From Wikipedia, the free encyclopedia

My 2c on this page - it has useful info but could be made more readable and more concrete. Symmetry groups are a great starting point for finding out about finite group theory -- especially the symmetry groups of plane figures and archimedian solids, but this article dives in with "congruencies", "invariant" and "composition". Most non-mathematical readers (including proto-mathematicians) would not survive the first sentence. The link to Group theory doesn't help much either. ... and subheadings would help.

If I get around to it in the next few weeks I will put in a gentler introduction and some examples that will ease the transition into the language of the two and three dimensions sections. I am not a groupie though, so if anyone else has the skills and energy, I will not be offended. AndrewKepert 06:15, 12 Nov 2003 (UTC)

How about, "The symmetry group of a geometric figure is the set of symmetry operations, such as rotations and reflections, which leave the figure indistinguishable from its original form. For example, a square can be rotated a quarter of a turn, and it is still the same square. It can be also reflected about lines through the center parallel to the edges or passing through opposite corners." --Snags 20:39, 8 Oct 2004 (UTC)

"Td. This group has the same rotation axes as T, but with six mirror planes, each containing a single C2 axis and four C3 axes." You mean two C3 axes, right?

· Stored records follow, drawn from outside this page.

(* Let $S$ be a countable discrete inverse semigroup with identity having a minimal projection $e_0\in E(S)$, and let $\alpha\colon S\to\mathcal I(X)$ be a representation. The following are equivalent: (1) $X$ is $S$-amenable; (2) $D_{e_0}$ is not $S$-paradoxical; (3) $D_{e_0}$ is $S$-domain F\o lner.
   Context: Inverse semigroup: each $s$ has a unique $s^*$ with $ss^*s=s$, $s^*ss^*=s^*$; $E(S)=\{s^*s\}$ is the set of idempotents, ordered by $e\le f\iff ef=e$; $e_0$ is minimal if $f\le e_0$, $f\in E(S)$, implies $f=e_0$. A representation is a unital homomorphism $\alpha\colon S\to\mathcal I(X)$ into partial bijections of $X$; $D_{s^*s}$ is the domain of $\alpha_s$, and $D_e$ the domain of $\alpha_e$. $X$ is $S$-amenable if there is a finitely additive $\mu\colon\mathcal P(X)\to[0,\infty]$ with $\mu(X)=1$, $\mu(B)=\mu(\alpha_s(B))$ for $B\subseteq D_{s^*s}$, and $\mu(B)=\mu(B\cap D_{t^*t})$ for all $t\in S$, $B\subseteq X$. $A\subseteq X$ is $S$-paradoxical if there are $A_i,B_j\subseteq X$, $s_i,t_j\in S$ with $A_i\subseteq D_{s_i^*s_i}$, $B_j\subseteq D_{t_j^*t_j}$, $A=\bigsqcup_{i=1}^n\alpha_{s_i}(A_i)=\bigsqcup_{j=1}^m\alpha_{t_j}(B_j)\supseteq A_1\sqcup\dots\sqcup A_n\sqcup B_1\sqcup\dots\sqcup B_m$. $A$ is $S$-domain F\o lner if there are finite non-empty $F_n\subseteq A$ with $|\alpha_s(F_n\cap D_{s^*s})\setminus F_n|/|F_n|\to0$ for all $s\in S$. *)

theory Defs
  imports "HOL-Analysis.Analysis"
begin

definition inverse_semigroup :: "('s::monoid_mult) itself \<Rightarrow> bool" where
  "inverse_semigroup _ \<longleftrightarrow> (\<forall>s::'s. \<exists>!t. s * t * s = s \<and> t * s * t = t)"

definition star :: "'s::monoid_mult \<Rightarrow> 's" where
  "star s = (THE t. s * t * s = s \<and> t * s * t = t)"

definition idempotents :: "('s::monoid_mult) set" where
  "idempotents = {star s * s | s. True}"

definition idem_le :: "'s::monoid_mult \<Rightarrow> 's \<Rightarrow> bool" where
  "idem_le e f \<longleftrightarrow> e * f = e"

definition minimal_projection :: "'s::monoid_mult \<Rightarrow> bool" where
  "minimal_projection e0 \<longleftrightarrow> e0 \<in> idempotents \<and>
     (\<forall>f \<in> idempotents. idem_le f e0 \<longrightarrow> f = e0)"

definition partial_bij :: "'x set \<Rightarrow> ('x \<Rightarrow> 'x option) \<Rightarrow> bool" where
  "partial_bij X f \<longleftrightarrow> dom f \<subseteq> X \<and> ran f \<subseteq> X \<and> inj_on f (dom f)"

definition representation :: "'x set \<Rightarrow> ('s::monoid_mult \<Rightarrow> 'x \<Rightarrow> 'x option) \<Rightarrow> bool" where
  "representation X \<alpha> \<longleftrightarrow>
     (\<forall>s. partial_bij X (\<alpha> s)) \<and>
     (\<forall>s t. \<alpha> (s * t) = \<alpha> s \<circ>\<^sub>m \<alpha> t) \<and>
     \<alpha> 1 = (\<lambda>x. if x \<in> X then Some x else None)"

definition Dom :: "('s \<Rightarrow> 'x \<Rightarrow> 'x option) \<Rightarrow> 's \<Rightarrow> 'x set" where
  "Dom \<alpha> e = dom (\<alpha> e)"

definition img :: "('s \<Rightarrow> 'x \<Rightarrow> 'x option) \<Rightarrow> 's \<Rightarrow> 'x set \<Rightarrow> 'x set" where
  "img \<alpha> s B = {y. \<exists>x\<in>B. \<alpha> s x = Some y}"

definition S_amenable :: "'x set \<Rightarrow> ('s::monoid_mult \<Rightarrow> 'x \<Rightarrow> 'x option) \<Rightarrow> bool" where
  "S_amenable X \<alpha> \<longleftrightarrow> (\<exists>\<mu> :: 'x set \<Rightarrow> ennreal.
      (\<forall>A B. A \<subseteq> X \<longrightarrow> B \<subseteq> X \<longrightarrow> A \<inter> B = {} \<longrightarrow> \<mu> (A \<union> B) = \<mu> A + \<mu> B) \<and>
      \<mu> X = 1 \<and>
      (\<forall>s B. B \<subseteq> Dom \<alpha> (star s * s) \<longrightarrow> \<mu> B = \<mu> (img \<alpha> s B)) \<and>
      (\<forall>t B. B \<subseteq> X \<longrightarrow> \<mu> B = \<mu> (B \<inter> Dom \<alpha> (star t * t))))"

A plane cannot contain all four C3 axes.

[edit] Request for technical explanation

Probably the best thing to do would be to include a concrete example with diagram(s) in the introduction. (Perhaps what Snags suggests above.) The current introduction gets into a lot of details which are hard to parse, and which should probably be put into subsections. The 1D, 2D, and 3D sections could certainly also use some diagrams or pictures showing concrete examples. -- Beland 17:00, 18 December 2005 (UTC)

[edit] editorial templates formerly in article text

Please help improve this article or section by expanding it.
Further information might be found on the talk page or at requests for expansion.
(This page currently does not yet describe various aspects of symmetry groups in theoretical physics, especially in (quantum and classical) field theory.)
I agree. Will add a disamibuation link.